Al final se acercó y me estrechó la mano. La recuerdo delgada, filosa, diminuta. Una mano insignificante, de contornos vulgares pero a su vez de un poder absoluto, mesiánico. Esa mano me persiguió el resto de mi vida. Era la mano de la vergüenza, la mano de Rafael Videla.
La estreché el 10 de septiembre de 1979, al atardecer, en la Casa Rosada, como campeón mundial juvenil en Tokio. Su pulgar romano se llevó por delante 30.000 almas en la noche más oscura, más siniestra y tenebrosa de nuestro país.
Aquella "Mano" no fue la metáfora de un genocidio, fue el genocidio; y se convirtió en un sueño recurrente de emociones encontradas: la de un equipo inolvidable, sublime y eterno por un lado; y la certeza inequívoca de haber sido el instrumento útil del silencio mediático de una masacre.
En su obsesión divina "La Mano" se adueñó de la frágil esencia del éxtasis y de la agonía. Se perfeccionó en volar. Con la premura de lo improvisado los pibes exitosos viajamos en helicópteros "Apaches" de Aeroparque a Atlanta, mientras los otros pibes, también en helicóptero, "viajaban" en dirección contraria: el Río de la Plata.
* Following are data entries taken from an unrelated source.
(* There exist absolute constants $K_0,K_1,C>1$ such that the following holds. Let $A\in[0,1]^{m\times n}$ with $\Delta_1\ge K_0$, $x\in\mathbb{R}_{\ge0}^n$ with $Ax\ge\mathbf 1$, and $\alpha=\ln\Delta_1+\ln\ln\Delta_1+K_1$. Let $i\in[m]$ and let $\theta_i\in(0,1]$ satisfy $\sum_{j:A_{i,j}\ge\theta_i}A_{i,j}x_j\ge\frac12$ and $\sum_{j:A_{i,j}\le\theta_i}A_{i,j}x_j\ge\frac12$. If $z$ is the randomized rounding of $\alpha x$, then $\Pr[(Az)_i<1]\le C\,\theta_i/\Delta_1$.
   Context: $\Delta_1=\max_{j\in[n]}\sum_{i=1}^mA_{i,j}$. Randomized rounding of $\alpha x$: $z\in\mathbb{Z}_{\ge0}^n$ is the random vector with independent coordinates $z_j=\lfloor\alpha x_j\rfloor+B_j$, where $B_j\in\{0,1\}$ is Bernoulli with $\Pr[B_j=1]=\alpha x_j-\lfloor\alpha x_j\rfloor$. *)

theory Defs
  imports "HOL-Probability.Probability"
begin

text \<open>Matrices are A :: nat => nat => real with rows i < m and columns j < n;
  vectors are functions nat => real restricted to indices j < n.\<close>

definition Delta1 :: "nat \<Rightarrow> nat \<Rightarrow> (nat \<Rightarrow> nat \<Rightarrow> real) \<Rightarrow> real" where
  "Delta1 m n A = Max ((\<lambda>j. \<Sum>i<m. A i j) ` {..<n})"

definition rand_round :: "nat \<Rightarrow> (nat \<Rightarrow> real) \<Rightarrow> (nat \<Rightarrow> int) pmf" where
  "rand_round n y = Pi_pmf {..<n} 0
     (\<lambda>j. map_pmf (\<lambda>b. \<lfloor>y j\<rfloor> + (if b then 1 else 0))
                  (bernoulli_pmf (y j - of_int \<lfloor>y j\<rfloor>)))"

end

theory Submission
  imports Defs
begin

text \<open>Chernoff's method for the lower tail: for s \<ge> 0,
  Pr[(Az)_i < 1] \<le> exp s * E[exp (-s (Az)_i)] \<le> exp (s + \<alpha> \<Sum>_j x_j (exp (-s A_ij) - 1)),
  since each rounded coordinate has a Poisson-type moment generating function. By convexity,
  exp (-s a) - 1 lies below the chord of slope (exp (-s \<theta>) - 1)/\<theta> for a \<le> \<theta> and of slope
  exp (-s) - 1 for a \<le> 1, so the covering constraint and the half mass on entries \<le> \<theta> control
  the exponent. Taking s = ln (\<alpha>/2)/\<theta> makes it at most 3 + ln (\<alpha>/2) - \<alpha> - 1/\<theta>; then
  exp \<alpha> = exp 2 * \<Delta>1 * ln \<Delta>1 and exp (1 - 1/\<theta>) \<le> \<theta> give the bound 2\<theta>/\<Delta>1, so K0 = exp 8
  and K1 = C = 2 work.\<close>

lemma expectation_exp_rounding_le:
  fixes y t :: real
  assumes "y \<ge> 0"
  shows "measure_pmf.expectation
           (map_pmf (\<lambda>b. \<lfloor>y\<rfloor> + (if b then 1 else 0)) (bernoulli_pmf (y - of_int \<lfloor>y\<rfloor>)))
           (\<lambda>v. exp (t * of_int v))
         \<le> exp (y * (exp t - 1))"
proof -
  define k where "k = real_of_int \<lfloor>y\<rfloor>"
  define q where "q = y - k"
  have "k \<ge> 0" using assms by (simp add: k_def)
  have q: "0 \<le> q" "q \<le> 1"
    unfolding q_def k_def by (auto simp: of_int_floor_le) (smt (verit) floor_correct of_int_1 of_int_add)
  have "measure_pmf.expectation
          (map_pmf (\<lambda>b. \<lfloor>y\<rfloor> + (if b then 1 else 0)) (bernoulli_pmf (y - of_int \<lfloor>y\<rfloor>)))
          (\<lambda>v. exp (t * of_int v))
        = exp (t * k) * (1 + q * (exp t - 1))"
    using q by (simp add: k_def q_def algebra_simps flip: exp_add)
  also have "\<dots> \<le> exp (k * (exp t - 1)) * exp (q * (exp t - 1))"
  proof (rule mult_mono)
    show "exp (t * k) \<le> exp (k * (exp t - 1))"
      using mult_left_mono[OF exp_ge_add_one_self[of t] \<open>k \<ge> 0\<close>] by (simp add: algebra_simps)
    show "1 + q * (exp t - 1) \<le> exp (q * (exp t - 1))"
      by (rule exp_ge_add_one_self)
    show "0 \<le> 1 + q * (exp t - 1)"
      using q mult_left_mono[of "-1" "exp t - 1" q] by (smt (verit) exp_gt_zero)
  qed simp
  also have "\<dots> = exp (y * (exp t - 1))"
    by (simp add: q_def algebra_simps flip: exp_add)
  finally show ?thesis .
qed
(* Let $d\ge 2$, $2\le k\le d+1$, and let $y_1,\dots,y_N\in\{1,\dots,k\}$ be labels of a class-balanced dataset (each class has exactly $N/k\ge1$ samples). For $\boldsymbol w_1,\dots,\boldsymbol w_k,\boldsymbol z_1,\dots,\boldsymbol z_N\in\mathbb S^{d-1}$ define the sample margin regularization risk $$R=\frac1N\sum_{i=1}^N\Big(-\boldsymbol w_{y_i}^{\mathrm T}\boldsymbol z_i+\max_{j\ne y_i}\boldsymbol w_j^{\mathrm T}\boldsymbol z_i\Big).$$ Then $R\ge-\frac{k}{k-1}$, with equality if and only if $\boldsymbol w_i^{\mathrm T}\boldsymbol w_j=-\frac1{k-1}$ for all $i\ne j$ and $\boldsymbol z_i=\boldsymbol w_{y_i}$ for all $i$. Consequently minimizing $R$ yields the largest possible class margin $\arccos\frac{-1}{k-1}$ and the largest possible minimal sample margin $\frac{k}{k-1}$.
   Context: $\mathbb S^{d-1}$ is the unit sphere in $\mathbb R^d$. Class margin: $m_c(\{\boldsymbol w_i\})=\arccos\big[\max_{i\ne j}\boldsymbol w_i^{\mathrm T}\boldsymbol w_j\big]$ for unit prototypes. Minimal sample margin: $\gamma_{\min}=\min_i\big(\boldsymbol w_{y_i}^{\mathrm T}\boldsymbol z_i-\max_{j\ne y_i}\boldsymbol w_j^{\mathrm T}\boldsymbol z_i\big)$. *)

theory Defs
  imports "HOL-Analysis.Analysis"
begin

text \<open>Classes are labelled 1..k, samples are indexed 0..N-1.
  Prototypes w :: nat => real^'d (used on {1..k}), features z (used on {..<N}),
  labels y (values in {1..k}).\<close>

definition max_other :: "nat \<Rightarrow> (nat \<Rightarrow> real^'d) \<Rightarrow> nat \<Rightarrow> real^'d \<Rightarrow> real" where
  "max_other k w c v = Max {w j \<bullet> v | j. j \<in> {1..k} \<and> j \<noteq> c}"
Poco tiempo después descubrí, con la ingenuidad del desánimo, lo tristemente calculado que estuvo todo. La Plaza, antaño dormida por la muerte, amaneció festiva engrasada por plumas y micrófonos cortesanos inquisidores de derechos y humanos. La maquinaria del Estado al servicio del terror.
Al final, aquel apretón de manos duró tan solo unos segundos. Unos segundos eternos, eternos de barbarie y desolación. Después "La Mano" se retiró de la mía con firmeza castrense. Fue en busca de otras manos. Fue en busca del odio, del dolor, de la locura.
40 años después los pibes exitosos volvimos a juntarnos, ahora sin inocencias, sin ingenuidades. A los otros pibes, todavía se los sigue buscando.
*Ex futbolista de Unión y Vélez, campeón del Mundial de Tokio 1979.